Are Moths Nocturnal?

You will rarely notice moths during the daytime which is why many people assume that moths are nocturnal. But is this actually the case? Are all moths nocturnal or do some come out during the day too?

Yes, most moths are nocturnal. However, there are some moths that are diurnal or crepuscular. 

Moths belong to the category of insects that are, generally, inactive during the daytime. However, you might notice a few of them during the day (diurnal) and some during twilight (crepuscular).

Moths can easily become disturbed during the daytime which can cause them to wake up and fly around. For example, if they’ve taken shelter in a plant to sleep during the day and you then start pruning it, then the moth will wake up.

When they sleep, they don’t hibernate or become unconscious, they simply sleep as a human would which is why it’s easy for them to wake up.

Do Some Moths Come Out in the Day?

Yes, some moths come out during the day. They are known as diurnal moths. Diurnal moths are active during the day and sleep during the night.

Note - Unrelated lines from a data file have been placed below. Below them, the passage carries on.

(* Let $\mathbf{G}\subseteq\mathrm{GL}(D)$ be a Lie group with Lie algebra $\mathfrak{g}$, let $L_1,\dots,L_l$ be a family of generators of $\mathfrak{g}$ (viewed as $D\times D$ matrices), and let $\tau$ be a representation of $\mathbf{G}$ on $\mathbb{K}^N$ ($\mathbb{K}\in\{\mathbb{R},\mathbb{C}\}$) with differential $d\tau$. Let $B_1,\dots,B_D\in M_{N\times N}(\mathbb{K})$. If the operator $\mathcal{D}_B=\sum_j B_j\partial/\partial x_j+mE$ is covariant with respect to $\tau$, then $$\sum_{k=1}^D (L_\alpha)_{jk}B_k=[B_j,d\tau(L_\alpha)]\qquad\forall\alpha\in\{1,\dots,l\},\ \forall j\in\{1,\dots,D\}.$$ If $\mathbf{G}$ is connected, this condition is also sufficient for covariance of $\mathcal{D}_B$ with respect to $\tau$.
   Context: $\mathcal{D}_B$ (with $E$ the identity matrix, $m\in\mathbb{R}$) is called covariant with respect to $\tau$ if $\sum_{k=1}^D g_{jk}\,\tau(g)B_k\tau(g^{-1})=B_j$ for all $j$ and all $g\in\mathbf{G}$, equivalently if $\mathcal{D}_B$ commutes with all operators $(T_gf)(x)=\tau(g)f(g^{-1}x)$ on $C^\infty(\mathbb{R}^D,\mathbb{K}^N)$. *)

theory Defs
  imports "HOL-Analysis.Analysis"
begin

text \<open>Real D x D matrices are modelled as real^'D^'D with 'D a finite index type
  (so D = CARD('D)); K^N-matrices as 'k^'N^'N with 'k a real normed field (R or C).\<close>

fun matpow :: "'a::semiring_1^'n^'n \<Rightarrow> nat \<Rightarrow> 'a^'n^'n" where
  "matpow A 0 = mat 1"
| "matpow A (Suc n) = A ** matpow A n"

definition mexp :: "real^'n^'n \<Rightarrow> real^'n^'n" where
  "mexp X = (\<Sum>n. (1 / fact n) *\<^sub>R matpow X n)"

definition GL :: "('a::semiring_1^'n^'n) set" where
  "GL = {A. invertible A}"

definition matrix_lie_group :: "(real^'n^'n) set \<Rightarrow> bool" where
  "matrix_lie_group G \<longleftrightarrow> G \<subseteq> GL \<and> mat 1 \<in> G
     \<and> (\<forall>g\<in>G. \<forall>h\<in>G. g ** h \<in> G) \<and> (\<forall>g\<in>G. matrix_inv g \<in> G)
     \<and> closedin (top_of_set GL) G"

definition lie_algebra :: "(real^'n^'n) set \<Rightarrow> (real^'n^'n) set" where
  "lie_algebra G = {X. \<forall>t::real. mexp (t *\<^sub>R X) \<in> G}"

definition representation ::
    "(real^'n^'n) set \<Rightarrow> (real^'n^'n \<Rightarrow> 'k::real_normed_field^'m^'m) \<Rightarrow> bool" where
  "representation G \<tau> \<longleftrightarrow> continuous_on G \<tau> \<and> (\<forall>g\<in>G. \<tau> g \<in> GL)
     \<and> (\<forall>g\<in>G. \<forall>h\<in>G. \<tau> (g ** h) = \<tau> g ** \<tau> h)"

definition dtau ::
    "(real^'n^'n \<Rightarrow> 'k::real_normed_field^'m^'m) \<Rightarrow> real^'n^'n \<Rightarrow> 'k^'m^'m" where
  "dtau \<tau> X = vector_derivative (\<lambda>t::real. \<tau> (mexp (t *\<^sub>R X))) (at 0)"

text \<open>Covariance of D_B = sum_j B_j d/dx_j + mE with respect to tau
  (the mass term m E plays no role in the condition).\<close>
definition covariant ::
    "(real^'n^'n) set \<Rightarrow> (real^'n^'n \<Rightarrow> 'k::real_normed_field^'m^'m)
       \<Rightarrow> ('n \<Rightarrow> 'k^'m^'m) \<Rightarrow> bool" where
  "covariant G \<tau> B \<longleftrightarrow> (\<forall>g\<in>G. \<forall>j.
      (\<Sum>k\<in>UNIV. (g $ j $ k) *\<^sub>R (\<tau> g ** B k ** \<tau> (matrix_inv g))) = B j)"

end

theory Submission
  imports Defs
begin

text \<open>
  Covariance says that B = (B_1, ..., B_D) is fixed by the action
  (g B)_j = sum_k g_jk tau(g) B_k tau(g)^-1 of G. Differentiating t \<mapsto> exp(tX) B at t = 0
  gives sum_k X_jk B_k + [d tau(X), B_j], whence the necessity of the condition. Conversely,
  if this derivative vanishes, the group law exp((t + s)X) = exp(tX) exp(sX) makes it vanish
  for every t, so the stabiliser H of B contains all exp(t L_alpha). Splitting a matrix A into
  its projection P A onto span{L_alpha} and the rest, the map
  A \<mapsto> (prod_alpha exp(c_alpha(A) L_alpha)) exp(A - P A) has derivative the identity at 0,
  so the image of every ball around 0 contains a neighbourhood of 1; as in the proof of the
  closed subgroup theorem, an element exp(Y) of G with Y small in the kernel of P has Y = 0. Hence H contains a neighbourhood of 1 in G, so it is open in G; it is also closed,
  and therefore H = G when G is connected.
\<close>

section \<open>Exponential series in a Banach algebra\<close>

lemma norm_power_add_diff_le:
  fixes x h :: "'a::real_normed_algebra_1"
  shows "norm ((x + h) ^ n - x ^ n) \<le> (norm x + norm h) ^ n - norm x ^ n"
proof (induction n)
  case 0
  then show ?case by simp
next
  case (Suc n)
  have "norm ((x + h) ^ Suc n - x ^ Suc n) = norm ((x + h) * ((x + h) ^ n - x ^ n) + h * x ^ n)"
    by (simp add: algebra_simps)
  also have "\<dots> \<le> norm (x + h) * norm ((x + h) ^ n - x ^ n) + norm h * norm (x ^ n)"
    by (intro order_trans[OF norm_triangle_ineq] add_mono norm_mult_ineq)
  also have "\<dots> \<le> (norm x + norm h) * ((norm x + norm h) ^ n - norm x ^ n) + norm h * norm x ^ n"
    by (intro add_mono mult_mono Suc.IH norm_triangle_ineq mult_left_mono norm_power_ineq) auto
  also have "\<dots> = (norm x + norm h) ^ Suc n - norm x ^ Suc n"
    by (simp add: algebra_simps)
  finally show ?case .
qed

lemma norm_exp_add_diff_le:
  fixes x h :: "'a::{real_normed_algebra_1,banach}"
  shows "norm (exp (x + h) - exp x) \<le> exp (norm x + norm h) - exp (norm x)"
proof (rule norm_sums_le)
  show "(\<lambda>n. (x + h) ^ n /\<^sub>R fact n - x ^ n /\<^sub>R fact n) sums (exp (x + h) - exp x)"
    "(\<lambda>n. (norm x + norm h) ^ n /\<^sub>R fact n - norm x ^ n /\<^sub>R fact n)
       sums (exp (norm x + norm h) - exp (norm x))"
    by (intro sums_diff exp_converges)+
  show "norm ((x + h) ^ n /\<^sub>R fact n - x ^ n /\<^sub>R fact n)
      \<le> (norm x + norm h) ^ n /\<^sub>R fact n - norm x ^ n /\<^sub>R fact n" for n
    using divide_right_mono[OF norm_power_add_diff_le[of x h n], of "fact n"]
    by (simp add: scaleR_diff_right[symmetric] divide_simps)
qed

lemma norm_exp_minus_1_minus_le:
  fixes h :: "'a::{real_normed_algebra_1,banach}"
  shows "norm (exp h - 1 - h) \<le> norm h ^ 2 * exp (norm h)"
proof (rule norm_sums_le)
  have "summable (\<lambda>n. h ^ (n + 2) /\<^sub>R fact (n + 2))"
    by (rule summable_ignore_initial_segment[OF summable_exp_generic])
  then show "(\<lambda>n. inverse (fact (n + 2)) *\<^sub>R h ^ (n + 2)) sums (exp h - 1 - h)"
    using exp_first_two_terms[of h] by (simp add: summable_sums)
  show "(\<lambda>n. norm h ^ 2 * (norm h ^ n /\<^sub>R fact n)) sums (norm h ^ 2 * exp (norm h))"
    by (intro sums_mult exp_converges)
  fix n
  have term_bound: "norm (inverse (fact m) *\<^sub>R h ^ m) \<le> inverse (fact m) * norm h ^ m" for m
    by (simp add: mult_left_mono norm_power_ineq)
  have "fact n \<le> (fact (n + 2) :: real)"
    by (rule fact_mono) simp
  have "norm (inverse (fact (n + 2)) *\<^sub>R h ^ (n + 2))
      \<le> inverse (fact (n + 2)) * norm h ^ (n + 2)"
    by (fact term_bound)
  also have "\<dots> \<le> inverse (fact n) * norm h ^ (n + 2)"
    using \<open>fact n \<le> fact (n + 2)\<close> by (intro mult_right_mono le_imp_inverse_le) auto
  also have "\<dots> = norm h ^ 2 * (norm h ^ n /\<^sub>R fact n)"
    by (simp only: power_add) (simp add: divide_inverse)
  finally show "norm (inverse (fact (n + 2)) *\<^sub>R h ^ (n + 2))
      \<le> norm h ^ 2 * (norm h ^ n /\<^sub>R fact n)" .
qed

lemma isCont_exp_algebra: "isCont exp (x :: 'a::{real_normed_algebra_1,banach})"
proof -
  have "((\<lambda>h::'a. exp (norm x + norm h) - exp (norm x))
      \<longlongrightarrow> exp (norm x + norm (0::'a)) - exp (norm x)) (at 0)"
    by (intro tendsto_intros)
  then have "((\<lambda>h::'a. exp (norm x + norm h) - exp (norm x)) \<longlongrightarrow> 0) (at 0)"
    by simp
  then have "((\<lambda>h::'a. exp (x + h) - exp x) \<longlongrightarrow> 0) (at 0)"
    by (rule Lim_null_comparison[rotated]) (simp add: norm_exp_add_diff_le)
  then show ?thesis
    unfolding isCont_def by (simp add: LIM_offset_zero_iff LIM_zero_iff)
qed

lemma has_derivative_exp_0:
  "(exp has_derivative (\<lambda>h. h)) (at (0 :: 'a::{real_normed_algebra_1,banach}))"
  unfolding has_derivative_at
proof (intro conjI bounded_linear_ident)
  have bound: "norm (exp h - 1 - h) / norm h \<le> norm h * exp (norm h)"
    if "h \<noteq> 0" for h :: 'a
  proof -
    have "norm (exp h - 1 - h) \<le> norm h * (norm h * exp (norm h))"
      using norm_exp_minus_1_minus_le[of h] by (simp add: power2_eq_square)
    with that show ?thesis
      by (simp add: divide_le_eq mult.commute)
  qed
  have ev: "\<forall>\<^sub>F h in at (0::'a).
      norm (norm (exp (0 + h) - exp 0 - h) / norm h) \<le> norm h * exp (norm h)"
    by (rule eventually_mono[OF eventually_neq_at_within[of 0]]) (simp add: bound)
  have "((\<lambda>h::'a. norm h * exp (norm h)) \<longlongrightarrow> norm (0::'a) * exp (norm (0::'a))) (at 0)"
    by (intro tendsto_intros)
  then have "((\<lambda>h::'a. norm h * exp (norm h)) \<longlongrightarrow> 0) (at 0)"
    by simp
  then show "((\<lambda>h. norm (exp (0 + h) - exp 0 - h) / norm h) \<longlongrightarrow> 0) (at (0::'a))"
    by (rule Lim_null_comparison[OF ev])
qed

lemma matrix_inv_right: "invertible A \<Longrightarrow> A ** matrix_inv A = mat 1"
  and matrix_inv_left: "invertible A \<Longrightarrow> matrix_inv A ** A = mat 1"
  unfolding invertible_def matrix_inv_def by (metis (mono_tags, lifting) someI_ex)+

lemma matrix_inv_unique:
  fixes A B :: "'a::semiring_1^'n^'n"
  assumes "A ** B = mat 1" "B ** A = mat 1"
  shows "matrix_inv A = B"
proof -
  have "invertible A"
    using assms by (auto simp: invertible_def)
  then have "B = B ** (A ** matrix_inv A)"
    by (simp add: matrix_inv_right)
  then show ?thesis
    by (simp add: matrix_mul_assoc assms)
qed

lemma matrix_inv_matrix_mul:
  fixes A B :: "'a::semiring_1^'n^'n"
  assumes "invertible A" "invertible B"
  shows "matrix_inv (A ** B) = matrix_inv B ** matrix_inv A"
proof (rule matrix_inv_unique)
  have "A ** (B ** matrix_inv B) ** matrix_inv A = mat 1"
    "matrix_inv B ** (matrix_inv A ** A) ** B = mat 1"
    using assms by (simp_all add: matrix_inv_left matrix_inv_right)
  then show "A ** B ** (matrix_inv B ** matrix_inv A) = mat 1"
    "matrix_inv B ** matrix_inv A ** (A ** B) = mat 1"
    by (simp_all add: matrix_mul_assoc)
qed

lemma matrix_inv_mat_1: "matrix_inv (mat 1 :: 'a::semiring_1^'n^'n) = mat 1"
  by (rule matrix_inv_unique) simp_all

lemma mat_1_nth: "(mat 1 :: 'a::zero_neq_one^'n^'n) $ i $ j = (if i = j then 1 else 0)"
  by (simp add: mat_def)

lemma matrix_matrix_mult_nth: "(A ** B) $ i $ j = (\<Sum>k\<in>UNIV. A $ i $ k * B $ k $ j)"
  by (simp add: matrix_matrix_mult_def)

lemma norm_le_sum_norm_cart: "norm x \<le> (\<Sum>i\<in>UNIV. norm (x $ i))"
  by (simp add: norm_vec_def L2_set_le_sum)

lemma norm_nth_nth_le: "norm (M $ i $ j) \<le> norm M"
  using Finite_Cartesian_Product.norm_nth_le[of "M $ i" j]
    Finite_Cartesian_Product.norm_nth_le[of M i]
  by linarith

lemma norm_matrix_mult_le:
  fixes A :: "'a::real_normed_field^'n^'m" and B :: "'a^'p^'n"
  shows "norm (A ** B) \<le> norm A * norm B * (CARD('m) * CARD('p) * CARD('n))"
proof -
  have entry: "norm ((A ** B) $ i $ j) \<le> norm A * norm B * CARD('n)" for i j
  proof -
    have "norm ((A ** B) $ i $ j) \<le> (\<Sum>k\<in>UNIV. norm (A $ i $ k) * norm (B $ k $ j))"
      by (simp add: matrix_matrix_mult_nth norm_mult[symmetric] norm_sum)
    also have "\<dots> \<le> (\<Sum>k\<in>(UNIV::'n set). norm A * norm B)"
      by (intro sum_mono mult_mono norm_nth_nth_le) auto
    finally show ?thesis
      by (simp add: mult_ac)
  qed
  have "norm (A ** B) \<le> (\<Sum>i\<in>UNIV. \<Sum>j\<in>UNIV. norm ((A ** B) $ i $ j))"
    by (intro order_trans[OF norm_le_sum_norm_cart] sum_mono norm_le_sum_norm_cart)
  also have "\<dots> \<le> (\<Sum>i\<in>(UNIV::'m set). \<Sum>j\<in>(UNIV::'p set). norm A * norm B * CARD('n))"
    by (intro sum_mono entry)
  finally show ?thesis
    by (simp add: mult_ac)
qed

lemma bounded_bilinear_matrix_matrix_mult:
  "bounded_bilinear ((**) :: 'a::real_normed_field^'n^'m \<Rightarrow> 'a^'p^'n \<Rightarrow> 'a^'p^'m)"
proof
  fix A A' :: "'a^'n^'m" and B B' :: "'a^'p^'n" and r :: real
  show "(A + A') ** B = A ** B + A' ** B"
    by (vector matrix_matrix_mult_def sum.distrib distrib_right)
  show "A ** (B + B') = A ** B + A ** B'"
    by (rule matrix_add_ldistrib)
  show "r *\<^sub>R A ** B = r *\<^sub>R (A ** B)"
    by (simp add: scalar_matrix_assoc)
  show "A ** r *\<^sub>R B = r *\<^sub>R (A ** B)"
    by (simp add: matrix_scalar_ac scalar_matrix_assoc)
  show "\<exists>K. \<forall>A B. norm ((A::'a^'n^'m) ** (B::'a^'p^'n)) \<le> norm A * norm B * K"
    using norm_matrix_mult_le by blast
qed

Another species of moth that is not nocturnal is known as crepuscular. Crepuscular moths sleep all other times except for dusk and dawn.

Hemaris moths, also known as hummingbird moths, are the most well-known diurnal moths, especially in the US. Diurnal moths have three receptor types sensitive to three different lights: Blue, green, and ultraviolet.

Diurnal moths can store flower colours in their memory and distinguish between different flowers. However, nocturnal moths can distinguish between flower types during intense starlight.

Contrary to popular belief, the number of diurnal moths in the ecosystem is not very small. There are many moth species that, even though they aren’t day-flying months, are still active during the day compared to nighttime. For instance, the male species of the emperor and fox moth.

Do Moths Prefer the Night?

Yes, moths tend to prefer the nighttime. Since moths have no fangs that could deter predators, they are highly susceptible to attacks by birds. This is why even the diurnal and crepuscular moths tend to rush towards dark spots after they’ve fed.

In addition, there is also very little competition for food during the night. The majority of the insects are asleep. 

Bright lights tend to confuse the navigation system of moths, especially nocturnal ones. This is why they travel using moonlight. This is why many people think that most nocturnal moths are drawn to light (phototaxis).

However, many species of nocturnal moths are repelled by it. 

When Do Moths Sleep?

Since most moths are nocturnal, they sleep like all other nocturnal creatures during the day.

The statement that moths sleep during the day and are active during the night is very general. This is because there are certain time periods during which each moth type remains active.

For instance, the gypsy moth is highly active from 11 am to 1 am, and flies from 1 am to 3 am. Similarly, black arches fly from 3 am to 5 am. However, most moth types are found active from midnight to 1 am, which means they tend to fall asleep as morning approaches. 

As discussed earlier, not all moths are nocturnal, as some are diurnal and crepuscular.

Furthermore, even though diurnal moths are asleep during the night and active during the day, you will not usually find them in your vicinity. Rather you’ll spot them in dark corners as they hide themselves to protect themselves from predators. 

Where Do Moths Sleep?

Moths are generally not fond of light, even diurnal or crepuscular. Thus, you will rarely spot them in crowded areas. Even during the day, moths tend to hide in dark places. Some common locations moths can be found to sleep or hide from predators include attics, basements, closets, and dark rooms.

Moths do not build nests nor do they sleep in purpose-made homes. Instead, they simply sleep in a dark, sheltered spot in plants.

Summary 

In a nutshell, yes, the majority of moths are nocturnal. Thus, most of them prefer the dark and tend to search for food during nighttime and sleep during the day.

Since nature hasn’t blessed moths with a very powerful defence system, it has ingrained in them a likeness for the dark, enabling them to protect themselves from getting eaten up. In addition, moths also have an easier time searching for food during nighttime due to less competition.

However, this doesn’t mean that all moths are nocturnal. Many sleep during the night and look for food during the daytime. Certain moth species are active during twilights.